------ THE INPUT

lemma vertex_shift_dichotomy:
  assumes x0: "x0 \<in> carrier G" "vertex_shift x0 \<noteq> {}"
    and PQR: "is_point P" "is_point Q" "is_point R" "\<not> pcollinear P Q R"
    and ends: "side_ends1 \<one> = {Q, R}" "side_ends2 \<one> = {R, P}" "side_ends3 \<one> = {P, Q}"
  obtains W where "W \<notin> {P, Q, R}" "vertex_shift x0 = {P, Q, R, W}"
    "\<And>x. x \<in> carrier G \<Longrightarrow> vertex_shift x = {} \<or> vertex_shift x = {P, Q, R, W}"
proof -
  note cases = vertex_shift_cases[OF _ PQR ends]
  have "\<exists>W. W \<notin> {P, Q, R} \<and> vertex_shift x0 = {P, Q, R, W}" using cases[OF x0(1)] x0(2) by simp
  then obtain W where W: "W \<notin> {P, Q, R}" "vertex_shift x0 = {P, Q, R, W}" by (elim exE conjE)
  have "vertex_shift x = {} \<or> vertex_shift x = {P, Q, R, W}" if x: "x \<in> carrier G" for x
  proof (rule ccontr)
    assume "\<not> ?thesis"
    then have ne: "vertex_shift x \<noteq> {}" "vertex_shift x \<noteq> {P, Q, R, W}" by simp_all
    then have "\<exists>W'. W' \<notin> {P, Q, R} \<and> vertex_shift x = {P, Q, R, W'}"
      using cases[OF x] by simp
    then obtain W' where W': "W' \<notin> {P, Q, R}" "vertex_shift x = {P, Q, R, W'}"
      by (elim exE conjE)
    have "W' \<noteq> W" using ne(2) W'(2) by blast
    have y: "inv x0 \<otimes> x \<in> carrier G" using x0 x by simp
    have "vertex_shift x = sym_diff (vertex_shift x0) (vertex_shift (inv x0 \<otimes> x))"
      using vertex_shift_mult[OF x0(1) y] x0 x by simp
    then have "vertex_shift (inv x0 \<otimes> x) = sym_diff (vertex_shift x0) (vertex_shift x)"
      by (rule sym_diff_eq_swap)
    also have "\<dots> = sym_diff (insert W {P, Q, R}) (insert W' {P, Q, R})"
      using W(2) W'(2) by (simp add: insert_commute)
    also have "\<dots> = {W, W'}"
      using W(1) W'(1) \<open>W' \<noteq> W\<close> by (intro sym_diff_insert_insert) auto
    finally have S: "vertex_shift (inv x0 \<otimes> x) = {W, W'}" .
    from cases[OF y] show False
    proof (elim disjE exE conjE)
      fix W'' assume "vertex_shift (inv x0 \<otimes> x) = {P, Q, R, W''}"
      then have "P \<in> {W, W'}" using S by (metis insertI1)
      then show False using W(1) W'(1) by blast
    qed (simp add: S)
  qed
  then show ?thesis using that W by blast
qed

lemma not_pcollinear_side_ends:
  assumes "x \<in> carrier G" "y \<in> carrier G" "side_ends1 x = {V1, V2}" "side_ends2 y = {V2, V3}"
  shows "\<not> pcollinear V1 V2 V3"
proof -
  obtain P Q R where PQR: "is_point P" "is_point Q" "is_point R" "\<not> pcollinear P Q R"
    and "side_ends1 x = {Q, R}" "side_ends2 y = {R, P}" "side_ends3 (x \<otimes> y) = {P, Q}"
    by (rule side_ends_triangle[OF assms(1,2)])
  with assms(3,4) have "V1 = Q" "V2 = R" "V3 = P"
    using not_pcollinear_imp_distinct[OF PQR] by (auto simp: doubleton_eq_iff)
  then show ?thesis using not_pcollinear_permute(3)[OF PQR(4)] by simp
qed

------------
------ THE INPUT

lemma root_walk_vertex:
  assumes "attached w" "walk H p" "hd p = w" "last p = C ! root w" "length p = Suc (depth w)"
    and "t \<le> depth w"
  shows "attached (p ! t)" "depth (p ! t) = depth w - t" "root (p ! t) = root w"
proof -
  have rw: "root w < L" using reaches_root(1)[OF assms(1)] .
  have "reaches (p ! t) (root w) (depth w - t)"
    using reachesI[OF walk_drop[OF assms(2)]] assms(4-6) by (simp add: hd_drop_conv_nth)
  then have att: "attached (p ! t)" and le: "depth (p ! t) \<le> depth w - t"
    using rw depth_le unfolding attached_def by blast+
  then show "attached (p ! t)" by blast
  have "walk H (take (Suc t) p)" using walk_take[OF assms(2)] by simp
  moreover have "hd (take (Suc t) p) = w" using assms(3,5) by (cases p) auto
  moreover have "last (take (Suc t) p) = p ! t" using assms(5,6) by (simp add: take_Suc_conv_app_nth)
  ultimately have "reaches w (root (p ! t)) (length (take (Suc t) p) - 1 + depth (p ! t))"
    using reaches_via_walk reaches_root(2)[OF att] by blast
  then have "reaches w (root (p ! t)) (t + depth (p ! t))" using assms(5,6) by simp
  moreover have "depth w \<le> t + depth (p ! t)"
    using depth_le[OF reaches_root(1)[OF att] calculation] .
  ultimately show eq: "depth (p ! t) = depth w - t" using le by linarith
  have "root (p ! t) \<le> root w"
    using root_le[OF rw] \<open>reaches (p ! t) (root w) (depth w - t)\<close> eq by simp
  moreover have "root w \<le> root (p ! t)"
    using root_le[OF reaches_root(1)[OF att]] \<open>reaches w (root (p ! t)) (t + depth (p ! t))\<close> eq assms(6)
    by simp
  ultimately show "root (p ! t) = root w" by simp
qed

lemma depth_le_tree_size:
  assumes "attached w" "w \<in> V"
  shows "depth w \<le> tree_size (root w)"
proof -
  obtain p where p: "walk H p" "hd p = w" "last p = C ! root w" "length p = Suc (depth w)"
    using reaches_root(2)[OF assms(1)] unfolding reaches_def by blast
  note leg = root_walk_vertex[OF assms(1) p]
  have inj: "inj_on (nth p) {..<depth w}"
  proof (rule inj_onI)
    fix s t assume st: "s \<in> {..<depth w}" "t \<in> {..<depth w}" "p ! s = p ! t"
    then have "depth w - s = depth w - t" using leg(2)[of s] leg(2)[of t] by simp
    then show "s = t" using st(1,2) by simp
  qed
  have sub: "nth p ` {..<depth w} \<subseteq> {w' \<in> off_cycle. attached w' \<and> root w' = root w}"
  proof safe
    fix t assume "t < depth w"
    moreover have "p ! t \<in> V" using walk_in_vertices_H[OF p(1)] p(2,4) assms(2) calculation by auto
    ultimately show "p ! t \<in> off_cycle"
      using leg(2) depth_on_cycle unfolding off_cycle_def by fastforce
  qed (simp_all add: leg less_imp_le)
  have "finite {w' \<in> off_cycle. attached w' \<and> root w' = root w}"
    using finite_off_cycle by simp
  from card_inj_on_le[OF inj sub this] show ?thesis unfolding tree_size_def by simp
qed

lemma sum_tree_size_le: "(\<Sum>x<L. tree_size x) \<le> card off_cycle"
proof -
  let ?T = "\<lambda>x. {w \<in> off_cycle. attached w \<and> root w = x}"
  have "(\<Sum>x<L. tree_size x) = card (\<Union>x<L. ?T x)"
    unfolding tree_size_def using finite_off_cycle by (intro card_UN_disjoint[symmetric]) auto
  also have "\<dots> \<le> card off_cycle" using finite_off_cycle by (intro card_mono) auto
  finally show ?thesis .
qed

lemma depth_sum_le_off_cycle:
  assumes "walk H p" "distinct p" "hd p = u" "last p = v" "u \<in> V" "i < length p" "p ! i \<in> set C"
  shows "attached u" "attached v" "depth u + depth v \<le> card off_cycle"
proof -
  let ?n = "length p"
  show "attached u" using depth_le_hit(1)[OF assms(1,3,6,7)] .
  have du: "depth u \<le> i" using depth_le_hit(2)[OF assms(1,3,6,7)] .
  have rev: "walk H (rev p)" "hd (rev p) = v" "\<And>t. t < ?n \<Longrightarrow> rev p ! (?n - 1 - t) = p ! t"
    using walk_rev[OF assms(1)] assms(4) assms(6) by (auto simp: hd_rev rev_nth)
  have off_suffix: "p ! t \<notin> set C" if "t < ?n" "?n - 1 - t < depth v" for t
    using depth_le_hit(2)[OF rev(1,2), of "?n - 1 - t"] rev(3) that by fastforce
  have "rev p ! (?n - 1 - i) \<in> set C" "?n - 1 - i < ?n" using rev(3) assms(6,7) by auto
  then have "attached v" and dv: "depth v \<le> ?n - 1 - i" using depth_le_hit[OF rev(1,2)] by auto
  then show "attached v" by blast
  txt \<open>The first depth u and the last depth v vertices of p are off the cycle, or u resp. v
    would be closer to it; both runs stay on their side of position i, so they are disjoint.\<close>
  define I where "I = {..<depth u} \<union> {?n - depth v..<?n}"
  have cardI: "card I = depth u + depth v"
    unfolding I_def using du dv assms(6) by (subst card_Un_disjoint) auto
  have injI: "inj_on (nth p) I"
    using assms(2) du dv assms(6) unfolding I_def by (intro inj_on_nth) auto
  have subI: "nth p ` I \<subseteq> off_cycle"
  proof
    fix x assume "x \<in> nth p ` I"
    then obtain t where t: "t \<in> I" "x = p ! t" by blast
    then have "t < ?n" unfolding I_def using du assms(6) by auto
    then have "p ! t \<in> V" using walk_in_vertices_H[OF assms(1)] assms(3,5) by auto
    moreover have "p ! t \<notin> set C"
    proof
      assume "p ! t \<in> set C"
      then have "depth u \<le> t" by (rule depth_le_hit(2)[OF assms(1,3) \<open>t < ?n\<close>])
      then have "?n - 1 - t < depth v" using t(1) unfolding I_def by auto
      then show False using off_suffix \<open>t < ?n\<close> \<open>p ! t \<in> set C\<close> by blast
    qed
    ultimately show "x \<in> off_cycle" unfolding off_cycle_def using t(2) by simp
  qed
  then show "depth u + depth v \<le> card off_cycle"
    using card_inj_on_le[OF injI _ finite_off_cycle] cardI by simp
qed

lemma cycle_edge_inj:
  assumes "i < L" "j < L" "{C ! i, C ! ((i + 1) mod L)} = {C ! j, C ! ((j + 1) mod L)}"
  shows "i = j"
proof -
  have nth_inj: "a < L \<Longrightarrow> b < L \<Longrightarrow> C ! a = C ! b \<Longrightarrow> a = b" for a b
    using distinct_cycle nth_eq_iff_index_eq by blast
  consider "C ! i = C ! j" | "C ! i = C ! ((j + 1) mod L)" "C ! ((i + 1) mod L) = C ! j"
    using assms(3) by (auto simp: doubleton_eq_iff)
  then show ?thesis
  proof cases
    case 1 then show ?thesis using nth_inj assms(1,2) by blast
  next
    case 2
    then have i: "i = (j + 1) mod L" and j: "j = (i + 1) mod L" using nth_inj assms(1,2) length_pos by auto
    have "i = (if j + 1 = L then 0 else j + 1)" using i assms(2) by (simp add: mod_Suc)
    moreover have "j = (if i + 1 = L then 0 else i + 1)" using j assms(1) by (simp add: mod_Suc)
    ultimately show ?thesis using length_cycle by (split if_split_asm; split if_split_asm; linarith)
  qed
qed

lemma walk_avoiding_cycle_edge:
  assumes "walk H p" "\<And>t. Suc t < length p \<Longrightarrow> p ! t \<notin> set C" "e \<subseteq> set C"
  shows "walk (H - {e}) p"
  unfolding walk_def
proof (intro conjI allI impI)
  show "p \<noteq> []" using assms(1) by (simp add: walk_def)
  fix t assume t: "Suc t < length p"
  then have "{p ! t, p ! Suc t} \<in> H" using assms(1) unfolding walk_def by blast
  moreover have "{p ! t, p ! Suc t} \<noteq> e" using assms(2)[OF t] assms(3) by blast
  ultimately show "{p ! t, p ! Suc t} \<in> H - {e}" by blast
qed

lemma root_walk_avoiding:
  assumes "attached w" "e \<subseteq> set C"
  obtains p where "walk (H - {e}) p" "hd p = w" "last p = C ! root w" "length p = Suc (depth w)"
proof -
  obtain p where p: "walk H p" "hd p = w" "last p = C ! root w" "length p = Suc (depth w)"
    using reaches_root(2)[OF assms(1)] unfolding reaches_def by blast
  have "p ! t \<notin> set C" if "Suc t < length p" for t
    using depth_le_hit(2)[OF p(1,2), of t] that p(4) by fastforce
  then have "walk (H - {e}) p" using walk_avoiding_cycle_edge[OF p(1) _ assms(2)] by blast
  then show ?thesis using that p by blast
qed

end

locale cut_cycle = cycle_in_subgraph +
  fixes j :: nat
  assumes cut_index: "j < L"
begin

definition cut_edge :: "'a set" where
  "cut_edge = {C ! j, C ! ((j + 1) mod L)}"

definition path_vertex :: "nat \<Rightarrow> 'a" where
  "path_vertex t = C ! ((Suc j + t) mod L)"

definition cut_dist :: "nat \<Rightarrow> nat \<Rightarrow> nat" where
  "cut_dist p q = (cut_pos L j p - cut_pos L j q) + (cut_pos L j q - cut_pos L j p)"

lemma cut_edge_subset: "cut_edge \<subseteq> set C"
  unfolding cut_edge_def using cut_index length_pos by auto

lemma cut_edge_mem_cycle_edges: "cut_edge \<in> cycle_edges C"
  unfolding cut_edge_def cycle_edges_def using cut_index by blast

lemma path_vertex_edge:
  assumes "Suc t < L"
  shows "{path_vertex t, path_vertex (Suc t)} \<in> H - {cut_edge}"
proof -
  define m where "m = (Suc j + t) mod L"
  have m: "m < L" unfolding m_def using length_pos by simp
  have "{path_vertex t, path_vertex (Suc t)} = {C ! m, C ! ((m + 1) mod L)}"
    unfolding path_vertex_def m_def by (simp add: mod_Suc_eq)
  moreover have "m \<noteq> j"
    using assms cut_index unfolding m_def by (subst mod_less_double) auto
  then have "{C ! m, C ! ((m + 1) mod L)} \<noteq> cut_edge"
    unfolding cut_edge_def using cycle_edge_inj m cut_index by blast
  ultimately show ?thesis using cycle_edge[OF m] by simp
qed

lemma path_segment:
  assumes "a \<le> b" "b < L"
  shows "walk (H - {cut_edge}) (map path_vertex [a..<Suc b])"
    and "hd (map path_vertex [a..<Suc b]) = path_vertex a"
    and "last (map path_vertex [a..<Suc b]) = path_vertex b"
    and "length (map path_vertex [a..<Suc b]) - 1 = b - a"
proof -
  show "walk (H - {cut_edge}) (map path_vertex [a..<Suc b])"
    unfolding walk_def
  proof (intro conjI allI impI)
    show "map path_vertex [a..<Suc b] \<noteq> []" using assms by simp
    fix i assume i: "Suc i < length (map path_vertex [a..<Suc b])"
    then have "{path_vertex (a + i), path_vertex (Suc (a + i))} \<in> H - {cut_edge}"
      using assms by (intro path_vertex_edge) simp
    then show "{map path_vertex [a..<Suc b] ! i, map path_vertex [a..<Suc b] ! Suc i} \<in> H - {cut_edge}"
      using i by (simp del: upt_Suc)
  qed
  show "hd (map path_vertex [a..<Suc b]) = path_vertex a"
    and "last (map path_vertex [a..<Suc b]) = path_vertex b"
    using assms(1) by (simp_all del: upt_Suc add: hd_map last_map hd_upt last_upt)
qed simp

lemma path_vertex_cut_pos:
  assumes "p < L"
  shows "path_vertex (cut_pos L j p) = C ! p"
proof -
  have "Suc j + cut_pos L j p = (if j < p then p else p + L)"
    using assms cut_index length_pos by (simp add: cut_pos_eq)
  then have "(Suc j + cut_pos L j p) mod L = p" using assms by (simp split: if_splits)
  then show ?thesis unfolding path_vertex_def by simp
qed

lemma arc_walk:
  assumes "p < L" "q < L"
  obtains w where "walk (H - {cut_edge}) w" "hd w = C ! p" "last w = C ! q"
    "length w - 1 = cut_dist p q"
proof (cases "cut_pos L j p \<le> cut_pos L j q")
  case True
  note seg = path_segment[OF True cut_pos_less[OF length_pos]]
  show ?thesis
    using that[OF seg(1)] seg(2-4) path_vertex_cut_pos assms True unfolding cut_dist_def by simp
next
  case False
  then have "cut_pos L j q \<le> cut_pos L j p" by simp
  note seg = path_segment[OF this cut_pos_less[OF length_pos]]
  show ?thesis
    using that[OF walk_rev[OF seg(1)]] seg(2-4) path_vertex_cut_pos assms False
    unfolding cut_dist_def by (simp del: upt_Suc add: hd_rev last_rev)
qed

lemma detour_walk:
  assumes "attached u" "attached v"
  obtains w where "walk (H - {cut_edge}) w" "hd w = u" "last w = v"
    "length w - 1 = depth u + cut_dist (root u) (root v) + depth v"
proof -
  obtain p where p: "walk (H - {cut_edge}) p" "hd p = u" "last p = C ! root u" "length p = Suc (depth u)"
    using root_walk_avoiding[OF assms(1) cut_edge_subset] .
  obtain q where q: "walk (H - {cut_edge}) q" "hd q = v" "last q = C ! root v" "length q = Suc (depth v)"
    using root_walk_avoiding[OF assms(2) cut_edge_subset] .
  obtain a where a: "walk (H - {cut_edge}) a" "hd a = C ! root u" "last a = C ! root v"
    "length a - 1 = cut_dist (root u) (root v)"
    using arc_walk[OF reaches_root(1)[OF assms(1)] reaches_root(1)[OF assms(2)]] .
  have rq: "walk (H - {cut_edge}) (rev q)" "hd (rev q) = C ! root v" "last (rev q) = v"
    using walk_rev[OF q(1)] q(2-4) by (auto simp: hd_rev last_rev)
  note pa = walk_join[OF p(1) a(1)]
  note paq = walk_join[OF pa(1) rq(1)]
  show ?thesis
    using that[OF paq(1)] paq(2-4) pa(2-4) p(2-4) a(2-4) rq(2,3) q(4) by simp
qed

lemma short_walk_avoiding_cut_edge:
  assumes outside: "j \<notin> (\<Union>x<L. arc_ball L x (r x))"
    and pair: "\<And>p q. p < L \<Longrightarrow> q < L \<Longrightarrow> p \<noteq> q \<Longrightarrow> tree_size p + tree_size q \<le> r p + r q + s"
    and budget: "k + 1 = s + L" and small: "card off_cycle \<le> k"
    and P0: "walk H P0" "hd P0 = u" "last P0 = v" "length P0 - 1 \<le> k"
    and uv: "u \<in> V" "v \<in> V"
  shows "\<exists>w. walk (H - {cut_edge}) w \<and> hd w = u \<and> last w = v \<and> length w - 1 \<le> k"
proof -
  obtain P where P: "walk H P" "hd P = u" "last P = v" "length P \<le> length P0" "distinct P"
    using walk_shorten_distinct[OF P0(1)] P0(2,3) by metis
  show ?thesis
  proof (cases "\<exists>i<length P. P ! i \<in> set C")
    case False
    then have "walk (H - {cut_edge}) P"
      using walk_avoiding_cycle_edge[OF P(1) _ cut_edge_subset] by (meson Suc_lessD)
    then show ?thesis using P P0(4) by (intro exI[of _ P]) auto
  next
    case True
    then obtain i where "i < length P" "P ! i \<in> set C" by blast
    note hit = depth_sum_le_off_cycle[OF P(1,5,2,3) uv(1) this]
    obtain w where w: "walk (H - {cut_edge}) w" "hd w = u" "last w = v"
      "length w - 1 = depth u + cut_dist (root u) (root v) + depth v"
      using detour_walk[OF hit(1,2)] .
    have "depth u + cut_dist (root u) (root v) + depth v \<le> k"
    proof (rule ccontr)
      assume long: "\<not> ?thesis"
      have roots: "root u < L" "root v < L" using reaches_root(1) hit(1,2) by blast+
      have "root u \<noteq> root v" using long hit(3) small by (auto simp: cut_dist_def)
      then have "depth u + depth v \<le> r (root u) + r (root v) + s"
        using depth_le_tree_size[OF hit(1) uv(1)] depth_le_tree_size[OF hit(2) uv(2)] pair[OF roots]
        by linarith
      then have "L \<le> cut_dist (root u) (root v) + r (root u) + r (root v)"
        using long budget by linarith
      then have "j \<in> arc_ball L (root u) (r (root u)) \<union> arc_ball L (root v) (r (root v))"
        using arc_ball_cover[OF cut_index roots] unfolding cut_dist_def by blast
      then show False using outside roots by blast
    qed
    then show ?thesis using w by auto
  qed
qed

------------

→ ACTIVITY:
Your answer should be a single number: how many lines in the preceding entries contain "subseteq".

→ SOLUTION FOR THIS PROBLEM:
5